▸ **REQUIRED ACTION**
Your reply should hold only the lines from the one containing "(\<forall>g. \<forall>s\<in>T. bounded" to the final line of the listing below, restated word for word.
Top of LISTED ENTRIES
(* Let $S$ be a semigroup with unit element $1$, let $X$ be a nonempty set, and let $S_1,\dots,S_n$ be unital subsemigroups of $S$ acting on $X$ from the right (with $x(st)=(xs)t$ and the unit acting as the identity). Suppose that each $S_j$ is left-amenable and that the actions of the $S_j$ commute, i.e. $(xs)t=(xt)s$ for all $x\in X$, $s\in S_i$, $t\in S_j$, $i\neq j$. For $s\in S$ let $S_s:\mathbb{C}^X\to\mathbb{C}^X$ be the Koopman operator $S_sf(x)=f(xs)$. Then for every bounded function $f:X\to\mathbb{C}$ the following are equivalent: (i) $(S_{s_1}-\mathrm{Id})(S_{s_2}-\mathrm{Id})\cdots(S_{s_n}-\mathrm{Id})f=0$ for all $s_j\in S_j$, $j=1,\dots,n$; (ii) there exist functions $f_1,\dots,f_n:X\to\mathbb{C}$ with $f=f_1+\cdots+f_n$ such that for each $j$ the function $f_j$ is $S_j$-invariant, i.e. $S_{s}f_j=f_j$ for all $s\in S_j$.
   Context: A semigroup $S_j$ is left-amenable if there is a left-invariant mean on $\ell^\infty(S_j)$, i.e. a positive linear functional $\mu$ on $\ell^\infty(S_j)$ with $\mu(\mathbf 1)=1$ and $\mu(g(s\,\cdot))=\mu(g)$ for all $g\in\ell^\infty(S_j)$, $s\in S_j$. *)

theory Defs
  imports "HOL-Analysis.Analysis"
begin

text \<open>Left-invariant mean on bounded complex functions on a subset T of a monoid.
  Elements of l-infinity(T) are represented by functions bounded on T; the mean must
  only depend on the values on T.\<close>
definition left_invariant_mean :: "'a::monoid_mult set \<Rightarrow> (('a \<Rightarrow> complex) \<Rightarrow> complex) \<Rightarrow> bool" where
  "left_invariant_mean T \<mu> \<longleftrightarrow>
     (\<forall>g h. bounded (g ` T) \<longrightarrow> (\<forall>t\<in>T. g t = h t) \<longrightarrow> \<mu> g = \<mu> h) \<and>
     (\<forall>g h a b. bounded (g ` T) \<longrightarrow> bounded (h ` T) \<longrightarrow>
        \<mu> (\<lambda>t. a * g t + b * h t) = a * \<mu> g + b * \<mu> h) \<and>
     (\<forall>g. bounded (g ` T) \<longrightarrow> (\<forall>t\<in>T. Im (g t) = 0 \<and> Re (g t) \<ge> 0) \<longrightarrow>
        Im (\<mu> g) = 0 \<and> Re (\<mu> g) \<ge> 0) \<and>
     \<mu> (\<lambda>_. 1) = 1 \<and>
     (\<forall>g. \<forall>s\<in>T. bounded (g ` T) \<longrightarrow> \<mu> (\<lambda>t. g (s * t)) = \<mu> g)"

definition left_amenable :: "'a::monoid_mult set \<Rightarrow> bool" where
  "left_amenable T \<longleftrightarrow> (\<exists>\<mu>. left_invariant_mean T \<mu>)"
Bottom of LISTED ENTRIES
▸ **ANSWER TO THIS TASK**
     (\<forall>g. \<forall>s\<in>T. bounded (g ` T) \<longrightarrow> \<mu> (\<lambda>t. g (s * t)) = \<mu> g)"

definition left_amenable :: "'a::monoid_mult set \<Rightarrow> bool" where
  "left_amenable T \<longleftrightarrow> (\<exists>\<mu>. left_invariant_mean T \<mu>)"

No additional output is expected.